Official Armageddon Discussion

1246712

Comments

  • Type your comment> @J4ckFr0st said:

    how to get a file into armageddon from my machine without curl and wget, cz wget not installed and curl isnt downloading runs for a file and time outs

    Are you using curl -o $filename ?

  • After far too many hours this weekend I finally managed to figure out the last step and get a copy of the root flag. I had trouble getting the original toe-hold because a mistake made me discount the solution, getting the root was a lot of trial and error on something I hadn't touched before; I'll be keen to see the write-ups and how much more elegant other did it.

  • Good box! Foothold and user are a lot easier than root. Root was interesting, I had trouble finding a good resource on what's needed. Some hints:

    Foothold: Look around and Google. There are tools/scripts out there to help
    User: Think about how everything is connected. Look for running services
    Root: What you see isn't a red-herring. Like other's have said - you will have to craft what you need

  • Spoiler Removed

  • edited March 29

    Jesus christ. Just managed to root the box after a lot of errors.

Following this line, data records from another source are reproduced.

text \<open>The disagreement of the iterates x_k contracts by the factor |lambda|
  per round and is perturbed by eta_k = O(1/k), so it is O(k0/k); hence consecutive mixed points
  move by O(1/k).  With Lipschitz sample gradients, the momentum variable y_k is then dominated by a
  running average of b_j = |grad f_i(x_1, xi_j)| + const, and y_{k+1} - y_k = O(b/k).  Gradient
  tracking gives e_{k+1} <= |lambda| e_k + d_{k+1} for the disagreement e_k of s_k, where
  d_j = |y_j - y_{j-1}|, so e_k <= sum_j |lambda|^(k-j) d_j.  Cauchy-Schwarz with the weights
  1/(j+1) and (j+1) d_j splits e_k^2 into the deterministic factor
  sum_j |lambda|^(k-j)/(j+1)^2 = O(k0^3/k^2) and a factor whose expectation is
  O(k0 n (G^2 + L^2 (D + 2 C1)^2)).\<close>

section \<open>Discounted sums\<close>

definition discounted_sum :: "real \<Rightarrow> (nat \<Rightarrow> real) \<Rightarrow> nat \<Rightarrow> real" where
  "discounted_sum l a k = (\<Sum>j=1..k. l ^ (k - j) * a j)"

lemma discounted_sum_Suc:
  "discounted_sum l a (Suc k) = l * discounted_sum l a k + a (Suc k)"
proof -
  have "(\<Sum>j=1..k. l ^ (Suc k - j) * a j) = (\<Sum>j=1..k. l * (l ^ (k - j) * a j))"
    by (intro sum.cong) (auto simp: Suc_diff_le)
  then show ?thesis
    by (simp add: discounted_sum_def sum_distrib_left)
qed

lemma discounted_sum_nonneg:
  "0 \<le> l \<Longrightarrow> (\<And>j. 0 \<le> a j) \<Longrightarrow> 0 \<le> discounted_sum l a k"
  unfolding discounted_sum_def by (intro sum_nonneg) auto

lemma discounted_sum_mono:
  assumes "0 \<le> l" and "\<And>j. 1 \<le> j \<Longrightarrow> j \<le> k \<Longrightarrow> a j \<le> b j"
  shows "discounted_sum l a k \<le> discounted_sum l b k"
  unfolding discounted_sum_def using assms by (intro sum_mono mult_left_mono) auto

lemma discounted_sum_cmult:
  "discounted_sum l (\<lambda>j. r * a j) k = r * discounted_sum l a k"
  by (simp add: discounted_sum_def sum_distrib_left ac_simps)

lemma le_discounted_sum:
  fixes u :: "nat \<Rightarrow> real"
  assumes "0 \<le> l" and "u 1 \<le> a 1"
    and step: "\<And>k. 1 \<le> k \<Longrightarrow> u (Suc k) \<le> l * u k + a (Suc k)"
    and "1 \<le> k"
  shows "u k \<le> discounted_sum l a k"
  using \<open>1 \<le> k\<close>
proof (induction k rule: nat_induct_at_least)
  case base
  then show ?case using assms(2) by (simp add: discounted_sum_def)
next
  case (Suc k)
  then show ?case
    using step[OF Suc.hyps] mult_left_mono[OF Suc.IH \<open>0 \<le> l\<close>] by (simp add: discounted_sum_Suc)
qed

lemma discounted_sum_sq_le:
  assumes "0 \<le> l" and "\<And>j. r j \<noteq> 0"
  shows "(discounted_sum l a k)\<^sup>2
    \<le> discounted_sum l (\<lambda>j. 1 / (r j)\<^sup>2) k * discounted_sum l (\<lambda>j. (r j * a j)\<^sup>2) k"
proof -
  define w where "w j = sqrt (l ^ (k - j))" for j
  have w_sq: "(w j)\<^sup>2 = l ^ (k - j)" for j
    using \<open>0 \<le> l\<close> by (simp add: w_def)
  have "discounted_sum l a k = (\<Sum>j=1..k. (w j / r j) * (w j * r j * a j))"
    unfolding discounted_sum_def w_sq[symmetric] using assms(2)
    by (intro sum.cong) (simp_all add: power2_eq_square)
  also have "(\<dots>)\<^sup>2 \<le> (\<Sum>j=1..k. (w j / r j)\<^sup>2) * (\<Sum>j=1..k. (w j * r j * a j)\<^sup>2)"
    by (rule Cauchy_Schwarz_ineq_sum)
  also have "\<dots> = discounted_sum l (\<lambda>j. 1 / (r j)\<^sup>2) k * discounted_sum l (\<lambda>j. (r j * a j)\<^sup>2) k"
    unfolding discounted_sum_def by (simp add: power_divide power_mult_distrib w_sq mult.assoc)
  finally show ?thesis .
qed

lemma le_of_le_ratio_sq:
  "l \<le> (real m / (real m + 1))\<^sup>2 \<Longrightarrow> l \<le> real m / (real m + 1)"
proof -
  assume "l \<le> (real m / (real m + 1))\<^sup>2"
  moreover have "(real m / (real m + 1))\<^sup>2 \<le> real m / (real m + 1)"
    unfolding power2_eq_square by (rule mult_left_le_one_le) auto
  ultimately show ?thesis by linarith
qed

    If you have errors of the s**p not creating the u**r, resetting the machine seemed to work for me. After that, it created them fine.

  • edited March 29

    rooted

    Hack The Box

  • May or may not be on the right track but was anyone able to get the r*** script to work? i'm not a r*** person so not sure what it's asking.. looks to be having trouble importing a dependency?

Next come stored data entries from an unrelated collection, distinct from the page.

lemma pow_less_le_non_bd_top: "pow_less_le_non R mu kappa (bd_top mu R)"
  unfolding bd_top_eq_supp_top
proof (rule pow_less_le_non_supp_top[OF directed_supports_underS[OF mu_wo Field_mu_nonempty] kappa_card])
  show "Field kappa \<noteq> {}" using kappa_inf by auto
  fix A A0 assume A: "A \<subseteq> Field mu" "|A| <o mu" and "A0 \<in> {underS mu a | a. a \<in> Field mu}"
  then obtain a0 where a0: "a0 \<in> Field mu" "A0 = underS mu a0" by blast
  have "|A \<union> underS mu a0| <o mu"
    using card_of_Un_ordLess_infinite_Field[OF infinite_Field_mu mu_card A(2) card_of_underS[OF mu_card a0(1)]] .
  then obtain a where a: "a \<in> Field mu" "|A \<union> underS mu a0| <o |underS mu a|" "infinite (underS mu a)"
    using exists_large_underS by blast
  have "|A| <o |underS mu a|" "|underS mu a0| <o |underS mu a|"
    using ordLeq_ordLess_trans[OF card_of_mono1 a(2)] by blast+
  then have sub: "underS mu a0 \<subseteq> underS mu a" and "|A| \<le>o |underS mu a - underS mu a0|"
    using underS_subset_if_card_ordLess[OF mu_wo a0(1) a(1)] card_of_ordLeq_Diff[OF a(3)]
      ordLeq_transitive[OF ordLess_imp_ordLeq] by blast+
  then obtain e where "inj_on e A" "e ` A \<subseteq> underS mu a - underS mu a0"
    using card_of_ordLeq[THEN iffD2] by blast
  then show "\<exists>A1\<in>{underS mu a | a. a \<in> Field mu}. \<exists>e. A0 \<subseteq> A1 \<and> inj_on e A \<and> e ` A \<subseteq> A1 - A0"
    using a(1) a0(2) sub by blast
qed

lemma non_le_non_box_bd_top: "non_le_non kappa (box_top (Field kappa) R kappa) (bd_top mu R)"
proof -
  let ?AA = "{underS mu a | a. a \<in> Field mu}" and ?BB = "{B. B \<subseteq> Field kappa \<and> |B| <o kappa}"
  obtain c where c: "inj_on c (Field kappa)" "c ` Field kappa \<subseteq> Field mu"
    "\<And>a. a \<in> Field mu \<Longrightarrow> |{i\<in>Field kappa. c i \<in> underS mu a}| <o kappa"
    using cofinal_sequence by blast
  have "{i\<in>Field kappa. c i \<in> A} \<in> ?BB" if A: "A \<in> ?AA" for A
  proof -
    obtain a where "a \<in> Field mu" "A = underS mu a" using A by blast
    then show ?thesis using c(3) by simp
  qed
  moreover have "\<exists>A'\<in>?AA. A \<union> c ` B \<subseteq> A'" if A: "A \<in> ?AA" and B: "B \<in> ?BB" for A B
  proof -
    obtain a where a: "a \<in> Field mu" "A = underS mu a" using A by blast
    have "|c ` B| <o kappa" using B ordLeq_ordLess_trans[OF card_of_image] by blast
    moreover have "c ` B \<subseteq> Field mu" using B c(2) by blast
    ultimately obtain b where b: "b \<in> Field mu" "c ` B \<subseteq> underS mu b"
      using bounded_if_card_ordLess_kappa by blast
    have "underS mu a \<in> ?AA" "underS mu b \<in> ?AA" using a(1) b(1) by blast+
    then obtain A' where "A' \<in> ?AA" "underS mu a \<subseteq> A'" "underS mu b \<subseteq> A'"
      using directed_supportsD[OF directed_supports_underS[OF mu_wo Field_mu_nonempty]] by meson
    then show ?thesis using a(2) b(2) by blast
  qed
  ultimately show ?thesis
    unfolding box_top_eq_supp_top bd_top_eq_supp_top
    by (intro non_le_non_reindex[OF directed_supports_underS[OF mu_wo Field_mu_nonempty]
          directed_supports_small[OF kappa_card kappa_inf] c(1,2) image_ident])
qed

  • Type your comment> @moose said:

    May or may not be on the right track but was anyone able to get the r*** script to work? i'm not a r*** person so not sure what it's asking.. looks to be having trouble importing a dependency?

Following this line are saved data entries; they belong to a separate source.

lemma partial_injection_dom_ran_cases:
  assumes "\<alpha> \<in> \<I> n"
  obtains "dom \<alpha> = {1..n}"
  | i j where "i \<in> {1..n}" "j \<in> {1..n}" "dom \<alpha> = {1..n} - {i}" "ran \<alpha> = {1..n} - {j}"
  | a b where "a \<in> {1..n} - dom \<alpha>" "b \<in> {1..n} - dom \<alpha>" "a \<noteq> b"
proof -
  let ?gaps = "{1..n} - dom \<alpha>"
  have dom: "dom \<alpha> \<subseteq> {1..n}" and ran: "ran \<alpha> \<subseteq> {1..n}"
    using partial_injectionsD[OF assms] by simp_all
  have "finite ?gaps"
    by simp
  have gaps_ran: "card ({1..n} - ran \<alpha>) = card ?gaps"
    using dom ran partial_injectionsD(4,5)[OF assms] by (simp add: card_Diff_subset finite_subset)
  consider "card ?gaps = 0" | "card ?gaps = 1" | "\<not> card ?gaps \<le> Suc 0"
    by linarith
  then show thesis
  proof cases
    case 1
    then have "?gaps = {}"
      using \<open>finite ?gaps\<close> by simp
    then show thesis
      using dom that(1) by blast
  next
    case 2
    then obtain i where "?gaps = {i}"
      by (rule card_1_singletonE)
    then have "i \<in> {1..n}" "dom \<alpha> = {1..n} - {i}"
      using dom by auto
    from 2 obtain j where "{1..n} - ran \<alpha> = {j}"
      using gaps_ran by (metis card_1_singletonE)
    then have "j \<in> {1..n}" "ran \<alpha> = {1..n} - {j}"
      using ran by auto
    then show thesis
      using that(2) \<open>i \<in> {1..n}\<close> \<open>dom \<alpha> = {1..n} - {i}\<close> by blast
  next
    case 3
    then show thesis
      using that(3) card_le_Suc0_iff_eq[OF \<open>finite ?gaps\<close>] by blast
  qed
qed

    JK :) found a script with a language I'm familiar with.

  • The root part is absolutely infuriating. I know what to do but crafting the s*** is a huge PITA, I've had to try 3 different environments so far because it wouldn't work under WSL2, then I had KVM issues... Hopefully I can get this down soon.

  • Having trouble connecting to the d***base. Have creds to view but not able to view the output in my shell. Any ideas?

  • @moose said:

    Having trouble connecting to the d***base. Have creds to view but not able to view the output in my shell. Any ideas?

    Try merging your connecting with what you want to do right after you connect. Check if a one-liner could help you achieve that.

  • edited March 29

    hi senpai, tried common ports like 20, 21, 22, 23, 25, 80, 110, 143, 443
    but i just couldnt get a reverse shell . any hint please.

    I love to play my birds(Lovebirds) but now HTB has been taking away my love for them.
    '>.<

  • How can i root if my cpu doesn't support nested virtualization?

  • > @moose said:
    > Having trouble connecting to the d***base. Have creds to view but not able to view the output in my shell. Any ideas?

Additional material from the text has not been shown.